The existence of
drug-resistant human immunodeficiency virus (HIV) viruses in patients receiving antiretroviral treatment urgently requires the characterization and development of new antiretroviral drugs designed to inhibit resistant viruses and to
complement the existing antiretroviral strategies against
AIDS. We assayed several natural or semi-synthetic
lupane-type
pentacyclic triterpenes in their ability to inhibit HIV-1
infection in permissive cells. We observed that the
30-oxo-calenduladiol triterpene, compound 1, specifically impaired R5-tropic HIV-1 envelope-mediated
viral infection and cell fusion in permissive cells, without affecting X4-tropic virus. This
lupane derivative competed for the binding of a specific anti-CCR5
monoclonal antibody or the natural
CCL5 chemokine to the CCR5 viral coreceptor with high affinity.

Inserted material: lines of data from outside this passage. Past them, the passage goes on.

(* Let $D$ be a locatable digraph and let $v$ be a vertex of $D$ that is neither domination-forced nor location-forced. Then $V(D)\setminus\{v\}$ is an open neighbourhood locating-dominating set of $D$.
   Context: Digraphs are finite and may contain loops; between two distinct vertices $u,v$ there may be the arc $uv$, the arc $vu$, or both, but no arc is repeated. For a vertex $v$, $N^-(v)=\{u : uv \text{ is an arc}\}$ is its (open) in-neighbourhood (it contains $v$ iff $v$ has a loop). A set $S\subseteq V(D)$ is an open neighbourhood locating-dominating set (OLD set) of $D$ if every vertex of $D$ has an in-neighbour in $S$, and for every pair of distinct vertices $u,w$ there is a vertex of $S$ lying in exactly one of $N^-(u)$, $N^-(w)$. $D$ is locatable if it admits an OLD set. A vertex $v$ is domination-forced if there is a vertex $w$ with $N^-(w)=\{v\}$; it is location-forced if there are two distinct vertices $x,y$ with $N^-(x)\ominus N^-(y)=\{v\}$, where $\ominus$ denotes symmetric difference. *)

theory Defs
  imports Main
begin

text \<open>A digraph is given by a finite vertex set V and an arc set A \<subseteq> V \<times> V
  (loops allowed, no multiple arcs since A is a set).\<close>

definition digraph :: "'a set \<Rightarrow> ('a \<times> 'a) set \<Rightarrow> bool" where
  "digraph V A \<longleftrightarrow> finite V \<and> A \<subseteq> V \<times> V"

definition in_nbh :: "('a \<times> 'a) set \<Rightarrow> 'a \<Rightarrow> 'a set" where
  "in_nbh A v = {u. (u, v) \<in> A}"

definition is_OLD :: "'a set \<Rightarrow> ('a \<times> 'a) set \<Rightarrow> 'a set \<Rightarrow> bool" where
  "is_OLD V A S \<longleftrightarrow> S \<subseteq> V
     \<and> (\<forall>v\<in>V. in_nbh A v \<inter> S \<noteq> {})
     \<and> (\<forall>u\<in>V. \<forall>w\<in>V. u \<noteq> w \<longrightarrow> (\<exists>s\<in>S. (s \<in> in_nbh A u) \<noteq> (s \<in> in_nbh A w)))"

definition locatable :: "'a set \<Rightarrow> ('a \<times> 'a) set \<Rightarrow> bool" where
  "locatable V A \<longleftrightarrow> (\<exists>S. is_OLD V A S)"

definition domination_forced :: "'a set \<Rightarrow> ('a \<times> 'a) set \<Rightarrow> 'a \<Rightarrow> bool" where
  "domination_forced V A v \<longleftrightarrow> (\<exists>w\<in>V. in_nbh A w = {v})"

definition location_forced :: "'a set \<Rightarrow> ('a \<times> 'a) set \<Rightarrow> 'a \<Rightarrow> bool" where
  "location_forced V A v \<longleftrightarrow>
     (\<exists>x\<in>V. \<exists>y\<in>V. x \<noteq> y \<and> (in_nbh A x - in_nbh A y) \<union> (in_nbh A y - in_nbh A x) = {v})"

end

theory Submission
  imports Defs
begin

(* In a locatable digraph the in-neighbourhoods are nonempty and pairwise distinct. Given that,
   deleting v from V can only leave w undominated if N^-(w) = {v}, and can only leave x, y
   unseparated if N^-(x) and N^-(y) differ in v alone. *)

lemma in_nbh_subset: "digraph V A \<Longrightarrow> in_nbh A w \<subseteq> V"
  unfolding digraph_def in_nbh_def by blast

lemma is_OLD_in_nbh_nonempty: "is_OLD V A S \<Longrightarrow> w \<in> V \<Longrightarrow> in_nbh A w \<noteq> {}"
  unfolding is_OLD_def by blast

lemma is_OLD_in_nbh_inj:
  "is_OLD V A S \<Longrightarrow> u \<in> V \<Longrightarrow> w \<in> V \<Longrightarrow> u \<noteq> w \<Longrightarrow> in_nbh A u \<noteq> in_nbh A w"
  unfolding is_OLD_def by blast

lemma in_nbh_meets_remove_vertex:
  assumes "digraph V A" "w \<in> V" "in_nbh A w \<noteq> {}" "\<not> domination_forced V A v"
  shows "in_nbh A w \<inter> (V - {v}) \<noteq> {}"
proof
  assume "in_nbh A w \<inter> (V - {v}) = {}"
  with assms(3) in_nbh_subset[OF assms(1)] have "in_nbh A w = {v}" by blast
  with assms(2,4) show False unfolding domination_forced_def by blast
qed

lemma in_nbh_separated_by_remove_vertex:
  assumes "digraph V A" "u \<in> V" "w \<in> V" "in_nbh A u \<noteq> in_nbh A w"
    and "\<not> location_forced V A v"
  shows "\<exists>s\<in>V - {v}. (s \<in> in_nbh A u) \<noteq> (s \<in> in_nbh A w)"
proof (rule ccontr)
  assume "\<not> ?thesis"
  with assms(4) in_nbh_subset[OF assms(1)]
  have "(in_nbh A u - in_nbh A w) \<union> (in_nbh A w - in_nbh A u) = {v}" by blast
  moreover from assms(4) have "u \<noteq> w" by blast
  ultimately show False using assms(2,3,5) unfolding location_forced_def by blast
qed

theorem proposition5:
  assumes "digraph V A"
    and "locatable V A"
    and "v \<in> V"
    and "\<not> domination_forced V A v"
    and "\<not> location_forced V A v"
  shows "is_OLD V A (V - {v})"
proof -
  obtain S where S: "is_OLD V A S"
    using assms(2) unfolding locatable_def by blast
  have "\<forall>w\<in>V. in_nbh A w \<inter> (V - {v}) \<noteq> {}"
  proof
    fix w assume w: "w \<in> V"
    show "in_nbh A w \<inter> (V - {v}) \<noteq> {}"
      using in_nbh_meets_remove_vertex[OF assms(1) w is_OLD_in_nbh_nonempty[OF S w] assms(4)] .
  qed
  moreover have "\<forall>u\<in>V. \<forall>w\<in>V. u \<noteq> w \<longrightarrow> (\<exists>s\<in>V - {v}. (s \<in> in_nbh A u) \<noteq> (s \<in> in_nbh A w))"
  proof (intro ballI impI)
    fix u w assume uw: "u \<in> V" "w \<in> V" "u \<noteq> w"
    show "\<exists>s\<in>V - {v}. (s \<in> in_nbh A u) \<noteq> (s \<in> in_nbh A w)"
      using in_nbh_separated_by_remove_vertex[OF assms(1) uw(1,2) is_OLD_in_nbh_inj[OF S uw] assms(5)] .
  qed
  ultimately show ?thesis
    unfolding is_OLD_def by blast
qed

end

30-oxo-calenduladiol seems not to interact with the
CD4 antigen, the main HIV receptor, or the CXCR4 viral coreceptor. Our results suggest that compound 1 is a specific CCR5 antagonist, because it binds to the
CCR5 receptor without triggering cell signaling or receptor internalization, and inhibits
RANTES (regulated on activation normal T cell expressed and secreted)-mediated CCR5 internalization, intracellular
calcium mobilization, and cell chemotaxis. Furthermore, compound 1 appeared not to interact with
beta-chemokine receptors CCR1, CCR2b, CCR3, or CCR4. Thereby, the 30-oxo-calenduladiol-associated anti-HIV-1 activity against R5-tropic virus appears to rely on the selective occupancy of the
CCR5 receptor to inhibit CCR5-mediated HIV-1
infection. Therefore, it is plausible that the chemical structure of
30-oxo-calenduladiol or other related dihydroxylated
lupane-type triterpenes could represent a good model to develop more potent anti-HIV-1 molecules to inhibit
viral infection by interfering with early fusion and entry steps in the HIV life cycle.